ACTIVITY:
Among the entries below, find each line holding "this" and return it.

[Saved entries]
***

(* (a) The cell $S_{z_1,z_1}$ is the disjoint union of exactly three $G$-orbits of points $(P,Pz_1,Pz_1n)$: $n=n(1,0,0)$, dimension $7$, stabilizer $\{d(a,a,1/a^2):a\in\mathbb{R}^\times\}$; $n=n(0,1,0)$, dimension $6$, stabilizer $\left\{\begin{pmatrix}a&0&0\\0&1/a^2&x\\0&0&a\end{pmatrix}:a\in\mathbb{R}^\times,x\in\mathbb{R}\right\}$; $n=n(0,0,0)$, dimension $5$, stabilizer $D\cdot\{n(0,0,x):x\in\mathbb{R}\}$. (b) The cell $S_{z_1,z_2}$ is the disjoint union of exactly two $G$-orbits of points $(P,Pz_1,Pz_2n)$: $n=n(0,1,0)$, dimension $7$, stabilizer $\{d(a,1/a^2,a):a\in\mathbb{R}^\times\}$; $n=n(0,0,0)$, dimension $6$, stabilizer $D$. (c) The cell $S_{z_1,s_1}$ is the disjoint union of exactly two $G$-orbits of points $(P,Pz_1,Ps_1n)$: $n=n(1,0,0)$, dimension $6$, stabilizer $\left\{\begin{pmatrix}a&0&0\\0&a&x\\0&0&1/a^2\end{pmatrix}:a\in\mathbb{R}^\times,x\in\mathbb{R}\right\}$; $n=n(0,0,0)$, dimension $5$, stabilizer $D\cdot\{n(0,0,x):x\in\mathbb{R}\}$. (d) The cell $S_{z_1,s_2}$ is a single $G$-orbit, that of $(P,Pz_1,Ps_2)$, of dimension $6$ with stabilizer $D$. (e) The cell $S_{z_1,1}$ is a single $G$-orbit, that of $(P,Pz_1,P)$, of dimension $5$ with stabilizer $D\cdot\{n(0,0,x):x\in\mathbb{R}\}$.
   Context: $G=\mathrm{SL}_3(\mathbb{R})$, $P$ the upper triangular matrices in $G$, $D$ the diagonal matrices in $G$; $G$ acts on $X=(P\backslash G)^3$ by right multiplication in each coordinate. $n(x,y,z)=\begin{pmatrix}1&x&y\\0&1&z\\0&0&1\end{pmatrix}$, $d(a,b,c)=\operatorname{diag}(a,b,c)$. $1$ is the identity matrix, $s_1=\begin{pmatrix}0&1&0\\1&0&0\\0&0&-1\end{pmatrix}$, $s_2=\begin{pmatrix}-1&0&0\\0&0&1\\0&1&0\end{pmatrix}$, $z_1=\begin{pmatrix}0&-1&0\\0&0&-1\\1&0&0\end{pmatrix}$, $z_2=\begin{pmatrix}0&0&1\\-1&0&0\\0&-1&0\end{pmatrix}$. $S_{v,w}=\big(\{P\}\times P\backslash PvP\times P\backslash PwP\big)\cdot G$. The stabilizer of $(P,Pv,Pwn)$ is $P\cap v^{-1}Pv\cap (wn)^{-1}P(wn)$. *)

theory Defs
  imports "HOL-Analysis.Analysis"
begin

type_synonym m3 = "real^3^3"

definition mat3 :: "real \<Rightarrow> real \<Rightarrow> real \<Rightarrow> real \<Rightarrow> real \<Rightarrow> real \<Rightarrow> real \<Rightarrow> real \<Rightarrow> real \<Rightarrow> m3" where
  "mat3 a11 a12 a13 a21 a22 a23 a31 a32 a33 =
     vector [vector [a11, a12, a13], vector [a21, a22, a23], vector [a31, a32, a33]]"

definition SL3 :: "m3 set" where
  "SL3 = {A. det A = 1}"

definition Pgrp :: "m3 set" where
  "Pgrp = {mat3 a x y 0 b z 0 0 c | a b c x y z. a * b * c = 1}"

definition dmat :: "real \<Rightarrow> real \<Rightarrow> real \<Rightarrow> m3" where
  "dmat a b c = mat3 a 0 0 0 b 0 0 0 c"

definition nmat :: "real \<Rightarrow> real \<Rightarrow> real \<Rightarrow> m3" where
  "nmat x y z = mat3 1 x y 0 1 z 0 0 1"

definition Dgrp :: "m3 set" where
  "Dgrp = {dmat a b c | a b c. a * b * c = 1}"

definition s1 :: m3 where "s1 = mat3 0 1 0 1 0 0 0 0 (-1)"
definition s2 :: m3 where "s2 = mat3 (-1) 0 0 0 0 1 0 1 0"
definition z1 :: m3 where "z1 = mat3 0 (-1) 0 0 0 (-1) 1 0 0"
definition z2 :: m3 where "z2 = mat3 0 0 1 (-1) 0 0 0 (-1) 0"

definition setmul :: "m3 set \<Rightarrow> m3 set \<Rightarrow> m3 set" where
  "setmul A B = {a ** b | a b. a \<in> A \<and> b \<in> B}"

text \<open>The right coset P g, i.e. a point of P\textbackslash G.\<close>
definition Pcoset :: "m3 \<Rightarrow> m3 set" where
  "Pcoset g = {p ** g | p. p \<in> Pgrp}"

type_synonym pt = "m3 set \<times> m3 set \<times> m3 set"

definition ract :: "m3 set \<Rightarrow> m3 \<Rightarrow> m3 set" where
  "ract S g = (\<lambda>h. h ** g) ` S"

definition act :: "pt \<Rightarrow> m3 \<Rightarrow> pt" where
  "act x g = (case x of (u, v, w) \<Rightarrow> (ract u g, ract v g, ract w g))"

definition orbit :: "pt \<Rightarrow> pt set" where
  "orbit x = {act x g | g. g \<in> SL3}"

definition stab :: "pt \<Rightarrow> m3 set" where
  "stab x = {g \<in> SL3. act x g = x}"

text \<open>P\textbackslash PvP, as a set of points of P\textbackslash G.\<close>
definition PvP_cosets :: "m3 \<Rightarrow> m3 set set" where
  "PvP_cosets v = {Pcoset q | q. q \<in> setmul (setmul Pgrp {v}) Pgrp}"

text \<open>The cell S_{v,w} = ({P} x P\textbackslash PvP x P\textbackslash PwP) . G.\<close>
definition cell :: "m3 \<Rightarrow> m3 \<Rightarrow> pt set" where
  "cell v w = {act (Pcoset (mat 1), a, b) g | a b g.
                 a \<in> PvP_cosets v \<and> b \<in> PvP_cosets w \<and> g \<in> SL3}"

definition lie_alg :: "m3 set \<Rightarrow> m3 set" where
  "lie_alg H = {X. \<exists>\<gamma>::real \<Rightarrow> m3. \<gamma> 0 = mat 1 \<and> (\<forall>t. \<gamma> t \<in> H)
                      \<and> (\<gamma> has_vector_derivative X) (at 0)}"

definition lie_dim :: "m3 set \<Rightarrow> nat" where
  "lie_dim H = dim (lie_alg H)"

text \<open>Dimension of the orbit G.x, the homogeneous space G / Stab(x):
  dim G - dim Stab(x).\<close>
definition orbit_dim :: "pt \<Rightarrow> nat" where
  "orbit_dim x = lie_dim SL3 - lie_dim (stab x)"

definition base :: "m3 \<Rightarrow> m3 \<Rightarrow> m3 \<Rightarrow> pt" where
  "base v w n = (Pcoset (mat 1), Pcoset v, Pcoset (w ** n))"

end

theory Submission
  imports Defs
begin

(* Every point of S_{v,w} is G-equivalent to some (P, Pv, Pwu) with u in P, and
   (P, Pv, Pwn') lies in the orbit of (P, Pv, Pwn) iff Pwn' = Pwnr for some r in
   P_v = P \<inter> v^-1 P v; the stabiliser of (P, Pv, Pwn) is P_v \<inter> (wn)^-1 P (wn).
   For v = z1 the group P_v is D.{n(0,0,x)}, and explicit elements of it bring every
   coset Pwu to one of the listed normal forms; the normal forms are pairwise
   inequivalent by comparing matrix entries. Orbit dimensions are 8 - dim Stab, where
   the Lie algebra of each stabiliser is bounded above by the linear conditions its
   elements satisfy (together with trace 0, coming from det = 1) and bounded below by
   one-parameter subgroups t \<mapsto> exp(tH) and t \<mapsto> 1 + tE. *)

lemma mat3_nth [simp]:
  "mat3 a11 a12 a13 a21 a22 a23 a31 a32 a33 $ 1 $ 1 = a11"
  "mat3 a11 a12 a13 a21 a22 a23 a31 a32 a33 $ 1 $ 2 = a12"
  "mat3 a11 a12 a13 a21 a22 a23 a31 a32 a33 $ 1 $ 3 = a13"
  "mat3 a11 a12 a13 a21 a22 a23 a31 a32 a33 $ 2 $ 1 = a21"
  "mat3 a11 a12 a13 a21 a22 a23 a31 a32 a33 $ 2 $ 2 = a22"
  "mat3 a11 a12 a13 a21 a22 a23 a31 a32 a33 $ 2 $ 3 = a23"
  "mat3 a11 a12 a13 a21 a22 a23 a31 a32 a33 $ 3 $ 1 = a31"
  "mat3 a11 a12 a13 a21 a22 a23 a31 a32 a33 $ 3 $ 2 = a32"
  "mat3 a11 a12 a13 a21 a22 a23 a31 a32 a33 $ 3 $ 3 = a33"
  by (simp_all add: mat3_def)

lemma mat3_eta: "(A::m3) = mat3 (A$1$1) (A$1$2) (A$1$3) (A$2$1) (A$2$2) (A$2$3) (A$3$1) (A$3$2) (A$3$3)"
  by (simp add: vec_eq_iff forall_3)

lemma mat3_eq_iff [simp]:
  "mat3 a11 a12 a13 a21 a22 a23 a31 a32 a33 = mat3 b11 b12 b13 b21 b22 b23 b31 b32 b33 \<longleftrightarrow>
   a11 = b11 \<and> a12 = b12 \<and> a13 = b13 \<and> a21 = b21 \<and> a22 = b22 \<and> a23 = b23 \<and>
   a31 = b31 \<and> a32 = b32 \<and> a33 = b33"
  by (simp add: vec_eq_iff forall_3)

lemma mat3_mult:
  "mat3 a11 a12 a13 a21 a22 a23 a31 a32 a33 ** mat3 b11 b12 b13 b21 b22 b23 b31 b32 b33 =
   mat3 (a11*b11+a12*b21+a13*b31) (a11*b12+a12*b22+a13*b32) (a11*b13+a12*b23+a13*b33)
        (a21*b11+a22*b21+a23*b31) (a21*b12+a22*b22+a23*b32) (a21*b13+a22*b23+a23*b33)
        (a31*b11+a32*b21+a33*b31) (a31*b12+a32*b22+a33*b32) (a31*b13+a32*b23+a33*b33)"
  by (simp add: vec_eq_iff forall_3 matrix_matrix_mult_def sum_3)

***

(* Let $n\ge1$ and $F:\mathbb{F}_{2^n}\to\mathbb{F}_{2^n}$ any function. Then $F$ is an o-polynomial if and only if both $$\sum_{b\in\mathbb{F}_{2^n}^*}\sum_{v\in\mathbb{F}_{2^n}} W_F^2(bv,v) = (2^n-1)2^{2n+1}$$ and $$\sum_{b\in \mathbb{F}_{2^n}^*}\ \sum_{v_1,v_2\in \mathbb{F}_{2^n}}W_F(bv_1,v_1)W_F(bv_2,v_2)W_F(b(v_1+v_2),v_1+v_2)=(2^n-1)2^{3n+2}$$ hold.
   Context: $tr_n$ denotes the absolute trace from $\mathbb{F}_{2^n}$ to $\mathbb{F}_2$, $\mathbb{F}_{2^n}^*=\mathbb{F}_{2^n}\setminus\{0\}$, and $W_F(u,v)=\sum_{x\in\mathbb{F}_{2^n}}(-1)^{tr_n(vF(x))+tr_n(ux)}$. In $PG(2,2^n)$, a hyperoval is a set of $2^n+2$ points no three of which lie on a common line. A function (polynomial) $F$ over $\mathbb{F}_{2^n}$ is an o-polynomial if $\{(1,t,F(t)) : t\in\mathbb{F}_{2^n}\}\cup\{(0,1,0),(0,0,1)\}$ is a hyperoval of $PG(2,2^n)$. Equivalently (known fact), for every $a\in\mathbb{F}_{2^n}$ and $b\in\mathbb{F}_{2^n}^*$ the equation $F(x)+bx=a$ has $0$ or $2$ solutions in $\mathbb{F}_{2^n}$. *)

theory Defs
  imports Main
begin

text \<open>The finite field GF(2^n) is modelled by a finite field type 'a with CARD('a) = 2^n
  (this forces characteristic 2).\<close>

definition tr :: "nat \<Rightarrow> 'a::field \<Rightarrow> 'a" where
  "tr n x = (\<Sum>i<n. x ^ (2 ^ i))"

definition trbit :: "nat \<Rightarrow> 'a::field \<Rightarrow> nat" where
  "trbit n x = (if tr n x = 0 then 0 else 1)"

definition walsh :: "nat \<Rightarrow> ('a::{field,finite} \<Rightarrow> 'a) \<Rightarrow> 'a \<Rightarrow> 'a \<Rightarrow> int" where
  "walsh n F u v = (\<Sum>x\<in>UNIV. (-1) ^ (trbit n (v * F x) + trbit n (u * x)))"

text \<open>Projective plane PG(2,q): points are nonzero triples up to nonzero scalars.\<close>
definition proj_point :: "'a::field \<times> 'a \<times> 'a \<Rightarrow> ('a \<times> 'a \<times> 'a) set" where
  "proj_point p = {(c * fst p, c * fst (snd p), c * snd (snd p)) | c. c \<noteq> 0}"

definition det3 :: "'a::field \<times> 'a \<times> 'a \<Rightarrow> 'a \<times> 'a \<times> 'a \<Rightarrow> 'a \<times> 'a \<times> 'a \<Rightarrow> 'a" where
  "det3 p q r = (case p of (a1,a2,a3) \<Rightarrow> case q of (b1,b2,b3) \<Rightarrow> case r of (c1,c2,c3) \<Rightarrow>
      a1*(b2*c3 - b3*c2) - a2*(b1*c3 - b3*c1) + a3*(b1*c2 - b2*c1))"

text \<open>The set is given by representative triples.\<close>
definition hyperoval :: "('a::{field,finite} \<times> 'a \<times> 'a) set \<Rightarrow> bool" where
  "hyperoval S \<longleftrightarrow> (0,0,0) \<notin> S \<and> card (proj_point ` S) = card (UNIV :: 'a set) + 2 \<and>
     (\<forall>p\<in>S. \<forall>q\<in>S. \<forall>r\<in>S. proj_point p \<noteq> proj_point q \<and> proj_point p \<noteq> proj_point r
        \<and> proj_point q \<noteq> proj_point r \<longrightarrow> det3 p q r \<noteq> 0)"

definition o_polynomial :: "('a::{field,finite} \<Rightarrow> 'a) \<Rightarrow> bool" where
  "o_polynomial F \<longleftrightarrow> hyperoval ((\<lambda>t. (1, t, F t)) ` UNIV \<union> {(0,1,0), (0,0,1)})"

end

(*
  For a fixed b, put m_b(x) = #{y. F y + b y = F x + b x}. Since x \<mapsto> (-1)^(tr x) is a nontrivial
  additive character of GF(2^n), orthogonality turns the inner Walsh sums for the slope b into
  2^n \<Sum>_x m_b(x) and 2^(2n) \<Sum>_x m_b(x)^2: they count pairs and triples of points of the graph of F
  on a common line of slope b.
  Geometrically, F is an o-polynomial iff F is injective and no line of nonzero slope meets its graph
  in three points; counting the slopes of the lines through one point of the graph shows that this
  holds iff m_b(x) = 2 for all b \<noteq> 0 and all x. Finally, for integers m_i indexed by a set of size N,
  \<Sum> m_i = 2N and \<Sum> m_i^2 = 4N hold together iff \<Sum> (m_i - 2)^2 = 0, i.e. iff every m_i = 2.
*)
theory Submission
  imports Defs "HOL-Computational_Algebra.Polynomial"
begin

***

WORKED SOLUTION:
  (this forces characteristic 2).\<close>
  in three points; counting the slopes of the lines through one point of the graph shows that this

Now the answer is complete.